Pipeline company sues a second Iowa county over local ordinances
By Clark Kauffman
A company that hopes to build a carbon dioxide pipeline across Iowa is suing a second Iowa county over local efforts to regulate the placement of the controversial pipeline.
Summit Carbon Solutions, which hopes to build a pipeline to transport carbon dioxide across Iowa, sued Story County earlier this week in U.S. District Court for Southern District of Iowa. On Wednesday, Summit filed a similar lawsuit against Shelby County.
Both lawsuits allege the locally elected county boards of supervisors are attempting to impose on the project siting requirements that are the exclusive province of federal regulators.
Summit is developing an interstate pipeline that, if completed, will transport carbon dioxide captured from more than 30 facilities — primarily ethanol plants but also fertilizer plants — across South Dakota, North Dakota, Nebraska, Minnesota, and Iowa through a network of 1,900 miles of underground pipes.
In Iowa, the project would likely involve 680 miles of pipeline through 30 counties.
Summit is now in the process of surveying routes for the project and securing the necessary permits while negotiating with landowners for access to their property.
The company has been working with the Iowa Utilities Board for more than a year as part of the planning and permitting process and has obtained voluntary easements for nearly 60% of the proposed route in Iowa.
The two lawsuits allege the federal government regulates the safety of pipelines such as the one proposed by Summit, and the Iowa Utilities Board has the statutory authority to issue route permits.
On Oct. 25, the Story County Board of Supervisors passed an ordinance that establishes setback and other requirements for hazardous materials pipelines in the county in the interest of “public safety.”
Two weeks ago, the Shelby County Board of Supervisors gave unanimous approval to an ordinance that would force Summit and other pipeline companies to obtain county permits for construction and impose restrictions on any pipeline’s proximity to homes, schools, and farms.

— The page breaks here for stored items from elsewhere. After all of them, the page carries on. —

definition configs :: "nat \<Rightarrow> (nat \<Rightarrow> bool) set" where
  "configs m = PiE {..<m} (\<lambda>_. UNIV)"

definition eta :: "dag \<Rightarrow> param_map \<Rightarrow> nat \<Rightarrow> (nat \<Rightarrow> bool) \<Rightarrow> real" where
  "eta G Theta i x = (\<Sum>j\<in>G i. Theta G i j * of_bool (x j))"

definition node_pmf :: "dag \<Rightarrow> param_map \<Rightarrow> nat \<Rightarrow> (nat \<Rightarrow> bool) \<Rightarrow> real" where
  "node_pmf G Theta i x =
     (if x i then sigmoid (eta G Theta i x) else 1 - sigmoid (eta G Theta i x))"

definition joint_pmf :: "nat \<Rightarrow> dag \<Rightarrow> param_map \<Rightarrow> (nat \<Rightarrow> bool) \<Rightarrow> real" where
  "joint_pmf m G Theta x = (\<Prod>i<m. node_pmf G Theta i x)"

text \<open>Bernoulli exponential family: tau = expected sufficient statistic = sigmoid
  (note sigmoid 0 = 1/2, the reference distribution).\<close>
definition bern_Delta :: "real \<Rightarrow> real \<Rightarrow> real" where
  "bern_Delta e1 e2 = (e1 - e2) * (sigmoid e1 - sigmoid e2)"

text \<open>E_{X_{pi_i(G)}}[Delta(eta_i, eta_0)] with eta_0 = 0\<close>
definition exp_Delta :: "nat \<Rightarrow> dag \<Rightarrow> param_map \<Rightarrow> nat \<Rightarrow> real" where
  "exp_Delta m G Theta i =
     (\<Sum>x\<in>configs m. joint_pmf m G Theta x * bern_Delta (eta G Theta i x) 0)"

definition Delta_max :: "nat \<Rightarrow> dag set \<Rightarrow> param_map set \<Rightarrow> ereal" where
  "Delta_max m Gs Ps =
     (SUP i\<in>{..<m}. SUP G\<in>Gs. SUP Theta\<in>Ps. ereal (exp_Delta m G Theta i))"

definition w1_max :: "nat \<Rightarrow> dag set \<Rightarrow> param_map set \<Rightarrow> ereal" where
  "w1_max m Gs Ps =
     (SUP Theta\<in>Ps. SUP G\<in>Gs. SUP i\<in>{..<m}. ereal (\<Sum>j\<in>G i. \<bar>Theta G i j\<bar>))"

definition samples :: "nat \<Rightarrow> nat \<Rightarrow> (nat \<Rightarrow> nat \<Rightarrow> bool) set" where
  "samples m n = PiE {..<n} (\<lambda>_. configs m)"

definition sample_pmf :: "nat \<Rightarrow> nat \<Rightarrow> dag \<Rightarrow> param_map \<Rightarrow> (nat \<Rightarrow> nat \<Rightarrow> bool) \<Rightarrow> real" where
  "sample_pmf m n G Theta S = (\<Prod>k<n. joint_pmf m G Theta (S k))"

text \<open>Mutual information (in nats) between a discrete observation s ranging over the
  finite set Omega and a parameter g uniform on the finite set A, with
  P g s = P(s | g). Convention 0 log 0 = 0.\<close>
definition mutual_info_unif :: "'g set \<Rightarrow> 's set \<Rightarrow> ('g \<Rightarrow> 's \<Rightarrow> real) \<Rightarrow> real" where
  "mutual_info_unif A Omega P =
     (\<Sum>g\<in>A. \<Sum>s\<in>Omega.
        if P g s = 0 then 0
        else (1 / real (card A)) * P g s *
             ln (P g s / ((\<Sum>g'\<in>A. P g' s) / real (card A))))"

definition MI_SG :: "nat \<Rightarrow> nat \<Rightarrow> dag set \<Rightarrow> param_map \<Rightarrow> real" where
  "MI_SG m n Gs Theta = mutual_info_unif Gs (samples m n) (\<lambda>G S. sample_pmf m n G Theta S)"

end

theory Submission imports Defs begin

text \<open>For a node with natural parameter \<open>\<eta>\<close>, the likelihood ratio of its conditional law against
  \<open>Bernoulli(1/2)\<close> is \<open>2 \<sigma>(\<pm>\<eta>) \<le> exp(\<bar>\<eta>\<bar>/2)\<close>, and \<open>\<Delta>(\<eta>, 0) = \<eta> (\<sigma>(\<eta>) - 1/2) \<le> \<bar>\<eta>\<bar>/2\<close>;
  both are controlled by \<open>\<bar>\<eta>\<bar> \<le> \<parallel>w\<^sub>i\<parallel>\<^sub>1\<close>. The mutual information \<open>I(S;G)\<close> is the average
  log-likelihood ratio of \<open>P(S|G)\<close> against the uniform law on samples, minus the nonnegative
  divergence of the mixture from uniform, so it is at most \<open>n m w\<^sup>1\<^sub>m\<^sub>a\<^sub>x / 2\<close>. The only structural
  input is that the joint distribution of a DAG is normalised, which follows by summing out a
  sink node.\<close>

definition w1_norm :: "dag \<Rightarrow> param_map \<Rightarrow> nat \<Rightarrow> real" where
  "w1_norm G Theta i = (\<Sum>j\<in>G i. \<bar>Theta G i j\<bar>)"

lemma w1_max_eq: "w1_max m Gs Ps = (SUP Theta\<in>Ps. SUP G\<in>Gs. SUP i\<in>{..<m}. ereal (w1_norm G Theta i))"
  by (simp add: w1_max_def w1_norm_def)

lemma w1_norm_le_w1_max:
  "Theta \<in> Ps \<Longrightarrow> G \<in> Gs \<Longrightarrow> i < m \<Longrightarrow> ereal (w1_norm G Theta i) \<le> w1_max m Gs Ps"
  unfolding w1_max_eq
  by (intro SUP_upper2[where i = Theta] SUP_upper2[where i = G] SUP_upper2[where i = i]) auto

lemma sigmoid_pos: "0 < sigmoid t"
  by (simp add: sigmoid_def add_pos_pos)

lemma sigmoid_less_1: "sigmoid t < 1"
  by (simp add: sigmoid_def add_pos_pos divide_less_eq)

lemma sigmoid_zero: "sigmoid 0 = 1 / 2"
  by (simp add: sigmoid_def)

lemma sigmoid_minus: "sigmoid (- t) = 1 - sigmoid t"
proof -
  have "1 + exp t > 0" by (simp add: add_pos_pos)
  then show ?thesis by (simp add: sigmoid_def exp_minus field_simps)
qed

text \<open>With \<open>a = exp(t/2)\<close> this is \<open>2a\<^sup>2/(a\<^sup>2 + 1) \<le> a\<close>, i.e. AM-GM \<open>2a \<le> a\<^sup>2 + 1\<close>.\<close>
lemma ln_two_sigmoid_le: "ln (2 * sigmoid t) \<le> t / 2"
proof -
  define a where "a = exp (t / 2)"
  have a: "0 < a" by (simp add: a_def)
  have "2 * sigmoid t = 2 * a\<^sup>2 / (a\<^sup>2 + 1)"
    unfolding sigmoid_def a_def using a
    by (simp add: exp_minus field_simps power2_eq_square flip: exp_add)
  also have "\<dots> \<le> a"
  proof -
    have "2 * a \<le> a\<^sup>2 + 1"
      using sum_squares_ge_zero[of "a - 1" 0] by (simp add: power2_eq_square algebra_simps)
    then have "2 * a\<^sup>2 \<le> a * (a\<^sup>2 + 1)"
      using mult_left_mono[of "2 * a" "a\<^sup>2 + 1" a] a by (simp add: power2_eq_square algebra_simps)
    moreover have "0 < a\<^sup>2 + 1" by (rule add_nonneg_pos) simp_all
    ultimately show ?thesis by (simp add: pos_divide_le_eq mult.commute)
  qed
  finally have "ln (2 * sigmoid t) \<le> ln a" using sigmoid_pos by (intro ln_mono) auto
  then show ?thesis by (simp add: a_def)
qed

lemma bern_Delta_zero_le: "bern_Delta e 0 \<le> \<bar>e\<bar> / 2"
proof -
  have "\<bar>sigmoid e - 1 / 2\<bar> \<le> 1 / 2" using sigmoid_pos[of e] sigmoid_less_1[of e] by linarith
  then have "e * (sigmoid e - 1 / 2) \<le> \<bar>e\<bar> * (1 / 2)"
    by (metis abs_ge_self abs_mult abs_ge_zero mult_left_mono order_trans)
  then show ?thesis by (simp add: bern_Delta_def sigmoid_zero)
qed

lemma abs_eta_le_w1_norm: "\<bar>eta G Theta i x\<bar> \<le> w1_norm G Theta i"
  unfolding eta_def w1_norm_def
  by (rule order_trans[OF sum_abs]) (intro sum_mono, simp add: abs_mult)

lemma node_pmf_pos: "0 < node_pmf G Theta i x"
  using sigmoid_pos sigmoid_less_1 by (simp add: node_pmf_def)

lemma eta_fun_upd: "v \<notin> G i \<Longrightarrow> eta G Theta i (x(v := b)) = eta G Theta i x"
  unfolding eta_def by (intro sum.cong) auto

lemma node_pmf_fun_upd:
  "i \<noteq> v \<Longrightarrow> v \<notin> G i \<Longrightarrow> node_pmf G Theta i (x(v := b)) = node_pmf G Theta i x"
  by (simp add: node_pmf_def eta_fun_upd)

lemma sum_node_pmf_fun_upd: "v \<notin> G v \<Longrightarrow> (\<Sum>b\<in>UNIV. node_pmf G Theta v (x(v := b))) = 1"
  by (simp add: UNIV_bool node_pmf_def eta_fun_upd)

lemma ln_two_node_pmf_le: "ln (2 * node_pmf G Theta i x) \<le> w1_norm G Theta i / 2"
proof -
  have "ln (2 * node_pmf G Theta i x) \<le> \<bar>eta G Theta i x\<bar> / 2"
    using ln_two_sigmoid_le[of "eta G Theta i x"] ln_two_sigmoid_le[of "- eta G Theta i x"]
    by (cases "x i") (simp_all add: node_pmf_def sigmoid_minus)
  then show ?thesis using abs_eta_le_w1_norm[of G Theta i x] by simp
qed

lemma sum_PiE_insert:
  assumes "v \<notin> V"
  shows "(\<Sum>x\<in>PiE (insert v V) T. f x) = (\<Sum>(b, g)\<in>T v \<times> PiE V T. f (g(v := b)))"
  unfolding PiE_insert_eq
  by (subst sum.reindex[OF inj_combinator[OF assms]]) (simp add: case_prod_beta)

lemma acyclic_has_sink:
  assumes "finite V" "V \<noteq> {}" "acyclic {(j, i). j \<in> G i}"
  obtains v where "v \<in> V" "\<forall>i\<in>V. v \<notin> G i"
proof -
  define R where "R = {(j, i). j \<in> G i \<and> i \<in> V \<and> j \<in> V}"
  have "R \<subseteq> V \<times> V" by (auto simp: R_def)
  then have "finite R" using finite_cartesian_product[OF assms(1) assms(1)] by (rule finite_subset)
  moreover have "acyclic R" using assms(3) by (rule acyclic_subset) (auto simp: R_def)
  ultimately have "wf (R\<inverse>)" by (rule finite_acyclic_wf_converse)
  then obtain v where v: "v \<in> V" and minimal: "\<And>i. (i, v) \<in> R\<inverse> \<Longrightarrow> i \<notin> V"
    using assms(2) by (rule wfE_min') auto
  have "v \<notin> G i" if "i \<in> V" for i
    using minimal[of i] that v by (auto simp: R_def)
  with v show thesis by (intro that) auto
qed

text \<open>The sink \<open>v\<close> is a parent of no node in \<open>V\<close>, so only its own factor depends on \<open>x v\<close>,
  and that factor sums to one.\<close>
lemma sum_prod_node_pmf_remove_sink:
  assumes "finite V" "v \<in> V" "\<forall>i\<in>V. v \<notin> G i"
  shows "(\<Sum>x\<in>PiE V (\<lambda>_. UNIV). \<Prod>i\<in>V. node_pmf G Theta i x)
       = (\<Sum>x\<in>PiE (V - {v}) (\<lambda>_. UNIV). \<Prod>i\<in>V - {v}. node_pmf G Theta i x)"
    (is "_ = (\<Sum>x\<in>PiE ?V' _. ?P x)")
proof -
  have V: "V = insert v ?V'" using assms(2) by blast
  have "(\<Sum>x\<in>PiE V (\<lambda>_. UNIV). \<Prod>i\<in>V. node_pmf G Theta i x)
      = (\<Sum>(b, x)\<in>UNIV \<times> PiE ?V' (\<lambda>_. UNIV). node_pmf G Theta v (x(v := b)) * ?P x)"
    using assms by (subst V, subst sum_PiE_insert)
      (auto simp: prod.remove[OF assms(1,2)] intro!: sum.cong prod.cong node_pmf_fun_upd)
  also have "\<dots> = (\<Sum>x\<in>PiE ?V' (\<lambda>_. UNIV). (\<Sum>b\<in>UNIV. node_pmf G Theta v (x(v := b))) * ?P x)"
    by (subst sum.cartesian_product[symmetric], subst sum.swap) (simp add: sum_distrib_right)
  also have "\<dots> = (\<Sum>x\<in>PiE ?V' (\<lambda>_. UNIV). ?P x)"
    using assms by (simp add: sum_node_pmf_fun_upd)
  finally show ?thesis .
qed

text \<open>No closure of \<open>V\<close> under parents is needed: parents outside \<open>V\<close> are read at junk values.\<close>
lemma sum_prod_node_pmf_eq_1:
  assumes "finite V" "acyclic {(j, i). j \<in> G i}"
  shows "(\<Sum>x\<in>PiE V (\<lambda>_. UNIV). \<Prod>i\<in>V. node_pmf G Theta i x) = 1"
  using assms(1)
proof (induction V rule: finite_remove_induct)
  case empty
  then show ?case by simp
next
  case (remove V)
  then obtain v where "v \<in> V" "\<forall>i\<in>V. v \<notin> G i"
    using acyclic_has_sink assms(2) by metis
  with remove show ?case by (simp add: sum_prod_node_pmf_remove_sink)
qed

lemma joint_pmf_pos: "0 < joint_pmf m G Theta x"
  unfolding joint_pmf_def by (intro prod_pos) (simp add: node_pmf_pos)

lemma sum_joint_pmf_eq_1: "is_dag m G \<Longrightarrow> (\<Sum>x\<in>configs m. joint_pmf m G Theta x) = 1"
  unfolding configs_def joint_pmf_def is_dag_def
  by (rule sum_prod_node_pmf_eq_1) auto

lemma exp_Delta_le_w1_norm:
  assumes "is_dag m G"
  shows "exp_Delta m G Theta i \<le> w1_norm G Theta i / 2"
proof -
  have "exp_Delta m G Theta i \<le> (\<Sum>x\<in>configs m. joint_pmf m G Theta x * (w1_norm G Theta i / 2))"
  proof (unfold exp_Delta_def, intro sum_mono mult_left_mono)
    fix x
    show "bern_Delta (eta G Theta i x) 0 \<le> w1_norm G Theta i / 2"
      by (rule order_trans[OF bern_Delta_zero_le]) (simp add: abs_eta_le_w1_norm divide_right_mono)
    show "0 \<le> joint_pmf m G Theta x" using joint_pmf_pos by (rule less_imp_le)
  qed
  also have "\<dots> = w1_norm G Theta i / 2"
    using sum_joint_pmf_eq_1[OF assms] by (simp add: sum_distrib_right[symmetric] del: times_divide_eq_right)
  finally show ?thesis .
qed

lemma finite_configs: "finite (configs m)"
  unfolding configs_def by (intro finite_PiE) auto

lemma card_configs: "card (configs m) = 2 ^ m"
  unfolding configs_def by (simp add: card_PiE)

lemma finite_samples: "finite (samples m n)"
  unfolding samples_def by (intro finite_PiE finite_configs) auto

lemma card_samples: "card (samples m n) = 2 ^ (m * n)"
  unfolding samples_def by (simp add: card_PiE card_configs power_mult)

The ordinance states that its intent is to establish a permitting process that will impose “conditions and safeguards when using land in the county for purposes of a hazardous liquid pipeline.” The ordinance says it is designed to “to secure safety from fire, flood, panic, and other dangers” that might result from the pipeline.
Both of Summit’s lawsuits seek a court order declaring the local ordinances are preempted by the Pipeline Safety Act and thus invalid and unenforceable, at least as it relates to Summit’s planned pipeline.
A co-plaintiff in both lawsuits is William Couser, a Story County farmer who owns a 5,200-head feed lot along the Summit pipeline route. Couser is one of the founders of Lincolnway Energy, which operates its ethanol production facility in Story County.